- INPUT DATA -
┄┄┄┄┄┄

(* Let $v\ge1$, $n\ge1$, $\epsilon>0$, and let $(\mathcal{X},\mathcal{Y},\mathcal{I})$ be a $(v,b,r,\lambda)$-RPBD with $\mathcal{X}=\{1,\dots,v\}$. Let $Q(y|x)=\alpha e^\epsilon$ if $(x,y)\in\mathcal{I}$ and $Q(y|x)=\alpha$ otherwise, with $\alpha=\frac{1}{re^\epsilon+b-r}$. With $X_1,\dots,X_n$ i.i.d. $\sim P\in\Delta_v$ and $Y_i\sim Q(\cdot|X_i)$, the estimator $$\hat P_{n,x}(Y_1,\dots,Y_n)=\frac{1}{(r-\lambda)(e^\epsilon-1)}\left(\frac{N_x(Y_1,\dots,Y_n)}{n\alpha}-(\lambda e^\epsilon+(r-\lambda))\right),\quad N_x=\sum_{i=1}^n\mathbb{1}(Y_i\in\mathcal{I}_x),$$ is unbiased. Its risk under the squared loss is $$R_{v,n}(\ell_2^2,P,Q,\hat P_n)=\frac1n\left[\frac{re^\epsilon+(v-1)(\lambda e^\epsilon+r-\lambda)}{(r-\lambda)^2(e^\epsilon-1)^2v}\left[v(b-r)+(v-1)(r-\lambda)(e^\epsilon-1)\right]+\frac1v-\sum_{x\in\mathcal{X}}P_x^2\right],$$ and its worst-case risk is $$\sup_{P\in\Delta_v}R_{v,n}(\ell_2^2,P,Q,\hat P_n)=\frac{re^\epsilon+(v-1)(\lambda e^\epsilon+r-\lambda)}{(r-\lambda)^2(e^\epsilon-1)^2nv}\left[v(b-r)+(v-1)(r-\lambda)(e^\epsilon-1)\right],$$ attained when $P$ is the uniform distribution.
   Context: $\Delta_v$ is the set of probability vectors on $\{1,\dots,v\}$. For an incidence structure $(\mathcal{X},\mathcal{Y},\mathcal{I})$, $\mathcal{I}\subset\mathcal{X}\times\mathcal{Y}$, let $\mathcal{I}_x=\{y:(x,y)\in\mathcal{I}\}$. For integers $v>0$, $b>r>\lambda\ge0$, a $(v,b,r,\lambda)$-RPBD (regular and pairwise-balanced design) is an incidence structure with $\mathcal{X},\mathcal{Y}$ nonempty finite, $|\mathcal{X}|=v$, $|\mathcal{Y}|=b$, $|\mathcal{I}_x|=r$ for all $x$, and $|\mathcal{I}_x\cap\mathcal{I}_{x'}|=\lambda$ for all $x\neq x'$. Risk: $R_{v,n}(\ell,P,Q,\hat P_n)=\mathbb{E}[\ell(P,\hat P_n(Y_1,\dots,Y_n))]$; $\ell_2^2(p,\hat p)=\sum_x(p_x-\hat p_x)^2$. *)

theory Defs
  imports Complex_Main
begin

definition Ix :: "(nat \<times> 'b) set \<Rightarrow> nat \<Rightarrow> 'b set" where
  "Ix I x = {y. (x, y) \<in> I}"

definition RPBD :: "nat \<Rightarrow> nat \<Rightarrow> nat \<Rightarrow> nat \<Rightarrow> nat set \<Rightarrow> 'b set \<Rightarrow> (nat \<times> 'b) set \<Rightarrow> bool" where
  "RPBD v b r lam X Y I \<longleftrightarrow>
     0 < v \<and> r < b \<and> lam < r \<and>
     X \<noteq> {} \<and> Y \<noteq> {} \<and> finite X \<and> finite Y \<and> I \<subseteq> X \<times> Y \<and>
     card X = v \<and> card Y = b \<and>
     (\<forall>x\<in>X. card (Ix I x) = r) \<and>
     (\<forall>x\<in>X. \<forall>x'\<in>X. x \<noteq> x' \<longrightarrow> card (Ix I x \<inter> Ix I x') = lam)"

definition prob_simplex :: "nat \<Rightarrow> (nat \<Rightarrow> real) set" where
  "prob_simplex v = {P. (\<forall>x\<in>{1..v}. 0 \<le> P x) \<and> (\<Sum>x=1..v. P x) = 1}"

definition uniform_dist :: "nat \<Rightarrow> (nat \<Rightarrow> real)" where
  "uniform_dist v = (\<lambda>x. 1 / real v)"

definition output_prob :: "nat \<Rightarrow> (nat \<Rightarrow> 'b \<Rightarrow> real) \<Rightarrow> (nat \<Rightarrow> real) \<Rightarrow> 'b \<Rightarrow> real" where
  "output_prob v Q P y = (\<Sum>x=1..v. P x * Q x y)"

┄┄┄┄┄┄

Your answer should consist solely of the lines above from the line with "nat set \<Rightarrow>" to the line with "X \<times> Y \<and>", both included, reproduced exactly.

- TASK SOLUTION -
definition RPBD :: "nat \<Rightarrow> nat \<Rightarrow> nat \<Rightarrow> nat \<Rightarrow> nat set \<Rightarrow> 'b set \<Rightarrow> (nat \<times> 'b) set \<Rightarrow> bool" where
  "RPBD v b r lam X Y I \<longleftrightarrow>
     0 < v \<and> r < b \<and> lam < r \<and>
     X \<noteq> {} \<and> Y \<noteq> {} \<and> finite X \<and> finite Y \<and> I \<subseteq> X \<times> Y \<and>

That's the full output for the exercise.